La civilisation mystérieuse décrite par les Grecs anciens serait située en Espagne, selon des experts, et un dauphin apparaît dans la couverture nuageuse de Jupiter. Voici quelques nouvelles que vous auriez pu manquer dans les derniers jours.

Un texte d’Alain Labelle

1. L’Atlantide, le mythe devenu réalité?

Des colonnes de ruines antiques submergées.Une illustration fictive de ruines de l'Atlantide Photo : iStock

L’existence de cette civilisation mythique aux technologies sophistiquées décrite par le philosophe Platon il y a près de 2400 ans nourrit l’imaginaire populaire depuis des centaines d’années.

Si la cité légendaire a inspiré de nombreuses œuvres de fiction, des groupes d’experts ont tenté au fil du temps d’en trouver les preuves physiques. Certains pensaient avoir trouvé les vestiges de la cité légendaire en Égypte, d’autres au Mexique, et plusieurs dans le bassin méditerranéen ou dans l’océan Atlantique.

Carte fantaisiste de l'Atlantide.Carte fantaisiste de l'Atlantide d'Athanasius Kircher datant de 1678 (le nord est en bas). Photo : Wikipédia

Des Britanniques affirment aujourd’hui en avoir découvert les ruines en Espagne. L'entreprise Merlin Burrow, spécialisée dans la recherche d’objets (bateaux, avions et sites archéologiques) à partir d’images satellites, affirme avoir détecté des ruines qu’elle associe à la cité. Ces ruines, qui compteraient des tours de guet, les restes du temple de Poséidon et une longue digue, sont situées près des côtes espagnoles, dans le parc national de Doñana, non loin de la ville de Séville.

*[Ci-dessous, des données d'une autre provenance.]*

lemma abs_sum_le_card_mult:
  fixes f :: "'a \<Rightarrow> real"
  assumes "\<And>y. y \<in> A \<Longrightarrow> \<bar>f y\<bar> \<le> B"
  shows "\<bar>\<Sum>y\<in>A. f y\<bar> \<le> real (card A) * B"
proof -
  have "\<bar>\<Sum>y\<in>A. f y\<bar> \<le> (\<Sum>y\<in>A. \<bar>f y\<bar>)" by (rule sum_abs)
  also have "\<dots> \<le> real (card A) * B" by (rule sum_bounded_above) (use assms in auto)
  finally show ?thesis .
qed

lemma sum_offdiag_swap:
  fixes f :: "'x::finite \<Rightarrow> 'x \<Rightarrow> 'a::comm_monoid_add"
  shows "(\<Sum>x\<in>UNIV. \<Sum>y\<in>UNIV - {x}. f x y) = (\<Sum>y\<in>UNIV. \<Sum>x\<in>UNIV - {y}. f x y)"
proof -
  have "(\<Sum>x\<in>UNIV. \<Sum>y\<in>UNIV - {x}. f x y) = (\<Sum>x\<in>UNIV. \<Sum>y\<in>{y. y \<in> UNIV \<and> x \<noteq> y}. f x y)"
    by (intro sum.cong) auto
  also have "\<dots> = (\<Sum>y\<in>UNIV. \<Sum>x\<in>{x. x \<in> UNIV \<and> x \<noteq> y}. f x y)"
    by (rule sum.swap_restrict) auto
  also have "\<dots> = (\<Sum>y\<in>UNIV. \<Sum>x\<in>UNIV - {y}. f x y)"
    by (intro sum.cong) auto
  finally show ?thesis .
qed

lemma sum_split_diag:
  fixes f :: "'x::finite \<Rightarrow> 'a::comm_monoid_add"
  shows "(\<Sum>y\<in>UNIV. f y) = f x + (\<Sum>y\<in>UNIV - {x}. f y)"
  by (simp add: sum.remove)

lemma forward_rhs_eq:
  assumes "is_generator T Q" "t \<in> {0..T}"
  shows "(\<Sum>y\<in>UNIV - {x}. Q t y x * p y) - (\<Sum>y\<in>UNIV - {x}. Q t x y * p x)
       = (\<Sum>y\<in>UNIV. Q t y x * p y)"
  using is_generator_diag[OF assms, of x]
  by (simp add: sum_split_diag[of _ x] sum_distrib_right)

lemma backward_rhs_eq:
  assumes "is_generator T Q" "t \<in> {0..T}"
  shows "(\<Sum>y\<in>UNIV - {x}. Q t x y * (h y - h x)) = (\<Sum>y\<in>UNIV. Q t x y * h y)"
  using is_generator_diag[OF assms, of x]
  by (simp add: sum_split_diag[of _ x] right_diff_distrib sum_subtractf sum_distrib_right)

text \<open>A first-exit argument: the first time some coordinate of w vanishes, that coordinate
  would have to be strictly increasing, which it cannot be while leaving the positive region.\<close>
lemma positive_if_increasing_at_zeros:
  fixes w :: "real \<Rightarrow> 'x::finite \<Rightarrow> real"
  assumes cont: "\<And>x. continuous_on {0..T} (\<lambda>s. w s x)"
    and init: "\<And>x. 0 < w 0 x"
    and incr: "\<And>t x. t \<in> {0..T} \<Longrightarrow> w t x = 0 \<Longrightarrow> (\<And>y. 0 \<le> w t y) \<Longrightarrow>
                 \<exists>D>0. ((\<lambda>s. w s x) has_real_derivative D) (at t within {0..T})"
    and t: "t \<in> {0..T}"
  shows "0 < w t x"
proof (rule ccontr)
  assume "\<not> 0 < w t x"
  define S where "S = (\<Union>y. {0..T} \<inter> (\<lambda>s. w s y) -` {..0})"
  have "t \<in> S" using \<open>\<not> 0 < w t x\<close> t unfolding S_def by (auto simp: not_less)
  moreover have "closed S"
    unfolding S_def by (intro closed_Union) (auto intro!: continuous_closed_preimage cont)
  moreover have Sbdd: "bdd_below S" unfolding S_def by (rule bdd_belowI[of _ 0]) auto
  ultimately have "Inf S \<in> S" by (intro closed_contains_Inf) auto
  then obtain t1 x1 where t1_def: "t1 = Inf S" and t1: "t1 \<in> {0..T}" and "w t1 x1 \<le> 0"
    unfolding S_def by auto
  have t1_pos: "0 < t1" using t1 \<open>w t1 x1 \<le> 0\<close> init[of x1] by (cases "t1 = 0") auto
  have before: "0 < w s y" if "s \<in> {0..<t1}" for s y
  proof (rule ccontr)
    assume "\<not> 0 < w s y"
    then have "s \<in> S" using that t1 unfolding S_def by (auto simp: not_less)
    then show False using cInf_lower[OF _ Sbdd] that unfolding t1_def by force
  qed
  have at_t1: "0 \<le> w t1 y" for y
  proof -
    have "closure {0..<t1} \<subseteq> {0..T} \<inter> (\<lambda>s. w s y) -` {0..}"
      using before t1 by (intro closure_minimal continuous_closed_preimage cont)
                         (auto simp: less_imp_le)
    then show ?thesis using t1_pos by (auto simp: subset_iff)
  qed
  then have "w t1 x1 = 0" using \<open>w t1 x1 \<le> 0\<close> by (simp add: order_antisym)
  then obtain D where "0 < D" and D: "((\<lambda>s. w s x1) has_real_derivative D) (at t1 within {0..T})"
    using incr[OF t1] at_t1 by blast
  then obtain d where "0 < d"
    and d: "\<And>h. 0 < h \<Longrightarrow> t1 - h \<in> {0..T} \<Longrightarrow> h < d \<Longrightarrow> w (t1 - h) x1 < w t1 x1"
    using has_real_derivative_pos_inc_left by blast
  define h where "h = min (d / 2) t1"
  have "w (t1 - h) x1 < 0" using d[of h] \<open>0 < d\<close> t1_pos t1 \<open>w t1 x1 = 0\<close> by (auto simp: h_def)
  moreover have "0 < w (t1 - h) x1" using before \<open>0 < d\<close> t1_pos by (auto simp: h_def)
  ultimately show False by simp
qed
section \<open>The convex conjugate of the entropy density\<close>

lemma s_finiteD:
  assumes "x \<in> \<Omega>" "s z x \<noteq> \<infinity>"
  shows "0 \<le> z" "\<exists>r. s z x = ereal r \<and> s_min \<le> r"
proof -
  show "0 \<le> z"
    using assms s_neg[of x z] by (meson not_le)
  show "\<exists>r. s z x = ereal r \<and> s_min \<le> r"
    using assms s_not_MInf[of x z] s_lower_bound[of x z] by (cases "s z x") auto
qed

lemma s_superlinear_bound: "\<exists>Z>0. \<forall>x\<in>\<Omega>. \<forall>z\<ge>Z. ereal (B * z) \<le> s z x"
proof -
  have "\<forall>\<^sub>F z in at_top. ereal B < (INF x\<in>\<Omega>. s z x) / ereal z"
    using s_superlinear by (simp add: tendsto_PInfty)
  then obtain N where N: "\<And>z. z \<ge> N \<Longrightarrow> ereal B < (INF x\<in>\<Omega>. s z x) / ereal z"
    by (auto simp: eventually_at_top_linorder)
  have "ereal (B * z) \<le> s z x" if "x \<in> \<Omega>" "z \<ge> max N 1" for x z
  proof -
    have "z > 0" and lt: "ereal B < (INF x\<in>\<Omega>. s z x) / ereal z"
      using N that by auto
    have le: "(INF x\<in>\<Omega>. s z x) \<le> s z x"
      using \<open>x \<in> \<Omega>\<close> by (rule INF_lower)
    show ?thesis
    proof (cases "(INF x\<in>\<Omega>. s z x)")
      case (real r)
      with lt \<open>z > 0\<close> have "B * z < r"
        by (simp add: field_simps)
      with le real show ?thesis
        by (metis ereal_less_eq(3) less_imp_le order_trans)
    qed (use le lt \<open>z > 0\<close> in auto)
  qed
  then show ?thesis
    by (intro exI[of _ "max N 1"]) auto
qed

lemma sconj_nonneg: "x \<in> \<Omega> \<Longrightarrow> 0 \<le> sconj s p x"
  unfolding sconj_def by (rule SUP_upper2[of 0]) (auto simp: s_zero zero_ereal_def[symmetric])

lemma sconj_mono:
  assumes "x \<in> \<Omega>" "p \<le> q"
  shows "sconj s p x \<le> sconj s q x"
  unfolding sconj_def
proof (rule SUP_mono)
  fix z assume z: "z \<in> {z. s z x \<noteq> \<infinity>}"
  then obtain r where r: "s z x = ereal r"
    using s_finiteD[OF \<open>x \<in> \<Omega>\<close>] by auto
  have "p * ereal z \<le> q * ereal z"
    using z s_finiteD(1)[OF \<open>x \<in> \<Omega>\<close>] \<open>p \<le> q\<close> by (simp add: ereal_mult_right_mono)
  then have "p * ereal z - s z x \<le> q * ereal z - s z x"
    using r by (simp add: ereal_minus_mono)
  with z show "\<exists>z'\<in>{z. s z x \<noteq> \<infinity>}. p * ereal z - s z x \<le> q * ereal z' - s z' x"
    by blast
qed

Des prélèvements ont été faits sur place et leur analyse a révélé que le béton présent datait d’il y a au moins 10 000 ans. En outre, la digue semble montrer des dommages importants, qui seraient, selon l'entreprise, le résultat d’un puissant tsunami.

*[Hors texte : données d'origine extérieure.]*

lemma surj_ellipsoid_map:
  fixes c :: "'a::euclidean_space"
  assumes "\<sigma> \<noteq> 0" "1 + \<mu> * (norm c)\<^sup>2 \<noteq> 0"
  shows "surj (ellipsoid_map \<sigma> \<mu> c)"
proof -
  have "y = 0" if "ellipsoid_map \<sigma> \<mu> c y = 0" for y
  proof -
    have y0: "y + (\<mu> * (y \<bullet> c)) *\<^sub>R c = 0"
      using that assms(1) by (simp add: ellipsoid_map_def)
    then have "(y + (\<mu> * (y \<bullet> c)) *\<^sub>R c) \<bullet> c = 0"
      by simp
    then have "(y \<bullet> c) * (1 + \<mu> * (norm c)\<^sup>2) = 0"
      by (simp add: inner_add_left power2_norm_eq_inner algebra_simps)
    with assms(2) y0 show "y = 0"
      by simp
  qed
  then show ?thesis
    using linear_ellipsoid_map linear_injective_imp_surjective linear_injective_0 by blast
qed

lemma ellipsoid_map_orthogonal_conj:
  fixes c :: "real^'n"
  assumes R: "orthogonal_transformation R" "R (norm c *\<^sub>R axis k (1::real)) = c"
  shows "ellipsoid_map \<sigma> \<mu> c (R z)
    = R (\<chi> i. (\<sigma> * (if i = k then 1 + \<mu> * (norm c)\<^sup>2 else 1)) * z $ i)"
proof -
  have "linear R"
    using R(1) by (rule orthogonal_transformation_linear)
  have "R z \<bullet> R (norm c *\<^sub>R axis k 1) = z \<bullet> (norm c *\<^sub>R axis k 1)"
    using R(1) by (simp add: orthogonal_transformation_def)
  then have "R z \<bullet> c = norm c * (z $ k)"
    using R(2) by (simp add: inner_axis)
  moreover have "norm c *\<^sub>R R (axis k 1) = c"
    using R(2) \<open>linear R\<close> by (simp add: linear_scale)
  ultimately have "ellipsoid_map \<sigma> \<mu> c (R z)
      = \<sigma> *\<^sub>R (R z + (\<mu> * norm c * (z $ k)) *\<^sub>R (norm c *\<^sub>R R (axis k 1)))"
    by (simp add: ellipsoid_map_def)
  also have "(\<chi> i. (\<sigma> * (if i = k then 1 + \<mu> * (norm c)\<^sup>2 else 1)) * z $ i)
      = \<sigma> *\<^sub>R (z + (\<mu> * (norm c)\<^sup>2 * (z $ k)) *\<^sub>R axis k 1)"
    by (auto simp: vec_eq_iff axis_def algebra_simps)
  then have "\<sigma> *\<^sub>R (R z + (\<mu> * norm c * (z $ k)) *\<^sub>R (norm c *\<^sub>R R (axis k 1)))
      = R (\<chi> i. (\<sigma> * (if i = k then 1 + \<mu> * (norm c)\<^sup>2 else 1)) * z $ i)"
    using \<open>linear R\<close> by (simp add: linear_add linear_scale power2_eq_square)
  finally show ?thesis .
qed

lemma measure_ellipsoid_map_image_cart:
  fixes c :: "real^'n::{finite,wellorder}"
  assumes S: "S \<in> lmeasurable"
  shows "measure lebesgue (ellipsoid_map \<sigma> \<mu> c ` S)
    = \<bar>\<sigma> ^ CARD('n) * (1 + \<mu> * (norm c)\<^sup>2)\<bar> * measure lebesgue S"
proof -
  obtain k :: 'n where True
    by simp
  obtain R where R: "orthogonal_transformation R" "R (norm c *\<^sub>R axis k (1::real)) = c"
    using orthogonal_transformation_exists[of "norm c *\<^sub>R axis k (1::real)" c] by auto
  define m where "m i = \<sigma> * (if i = k then 1 + \<mu> * (norm c)\<^sup>2 else 1)" for i
  define D where "D y = (\<chi> i. m i * y $ i)" for y
  have "ellipsoid_map \<sigma> \<mu> c x = R (D (inv R x))" for x
    using ellipsoid_map_orthogonal_conj[OF R, of \<sigma> \<mu> "inv R x"]
      surj_f_inv_f[OF orthogonal_transformation_surj[OF R(1)]]
    by (simp add: D_def m_def)
  then have "ellipsoid_map \<sigma> \<mu> c ` S = R ` D ` inv R ` S"
    by (simp add: image_image)
  have inv_S: "inv R ` S \<in> lmeasurable"
    using orthogonal_transformation_inv[OF R(1)] S by (rule measurable_orthogonal_image)
  have "measure lebesgue (R ` D ` inv R ` S) = measure lebesgue (D ` inv R ` S)"
    unfolding D_def by (intro measure_orthogonal_image R(1) measurable_stretch inv_S)
  also have "\<dots> = \<bar>prod m UNIV\<bar> * measure lebesgue (inv R ` S)"
    unfolding D_def by (rule measure_stretch[OF inv_S])
  also have "measure lebesgue (inv R ` S) = measure lebesgue S"
    using orthogonal_transformation_inv[OF R(1)] S by (rule measure_orthogonal_image)
  also have "prod m UNIV = \<sigma> ^ CARD('n) * (1 + \<mu> * (norm c)\<^sup>2)"
    by (simp add: m_def prod.distrib)
  finally show ?thesis
    using \<open>ellipsoid_map \<sigma> \<mu> c ` S = R ` D ` inv R ` S\<close> by simp
qed

text \<open>The measure of orthogonal images and of diagonal stretches is known on \<open>real^'n\<close>; this index
  type of cardinality \<open>DIM('a)\<close> transports it to an arbitrary euclidean space.\<close>
typedef (overloaded) ('a::euclidean_space) dim_index = "{..<DIM('a)}"
  by (rule exI[of _ 0]) simp

instantiation dim_index :: (euclidean_space) linorder
begin
definition less_eq_dim_index :: "'a dim_index \<Rightarrow> 'a dim_index \<Rightarrow> bool" where
  "less_eq_dim_index x y \<longleftrightarrow> Rep_dim_index x \<le> Rep_dim_index y"
definition less_dim_index :: "'a dim_index \<Rightarrow> 'a dim_index \<Rightarrow> bool" where
  "less_dim_index x y \<longleftrightarrow> Rep_dim_index x < Rep_dim_index y"
instance
  by standard (auto simp: less_eq_dim_index_def less_dim_index_def Rep_dim_index_inject)
end

instance dim_index :: (euclidean_space) finite
proof
  have "Rep_dim_index ` (UNIV :: 'a dim_index set) \<subseteq> {..<DIM('a)}"
    using Rep_dim_index by auto
  then have "finite (Rep_dim_index ` (UNIV :: 'a dim_index set))"
    using finite_subset by blast
  then show "finite (UNIV :: 'a dim_index set)"
    by (rule finite_imageD) (simp add: inj_on_def Rep_dim_index_inject)
qed

instance dim_index :: (euclidean_space) wellorder
proof
  fix P :: "'a dim_index \<Rightarrow> bool" and a
  assume step: "\<And>x. (\<And>y. y < x \<Longrightarrow> P y) \<Longrightarrow> P x"
  show "P a"
    by (induct a rule: measure_induct_rule[of Rep_dim_index]) (rule step, simp add: less_dim_index_def)
qed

Il faut noter que cette découverte, qui fera bientôt l’objet d’un documentaire, est loin de faire l’unanimité parmi les scientifiques, et certains rappellent que l’existence de ce peuple n’est toujours pas prouvée.


2. Le plus grand pont en plastique imprimé en 3D

Un pont en plastique.L’ouvrage, situé à Shanghai, fait 15,25 mètres de longueur et 3,8 de largeur. Photo : Shanghai Construction Group

Deux entreprises chinoises ont réussi à créer un pont de plastique, le plus grand imprimé en 3D à ce jour.

L’impression 3D a déjà permis de créer des ponts en acier ou en béton, mais celui-ci est le premier de cette envergure construit en plastique.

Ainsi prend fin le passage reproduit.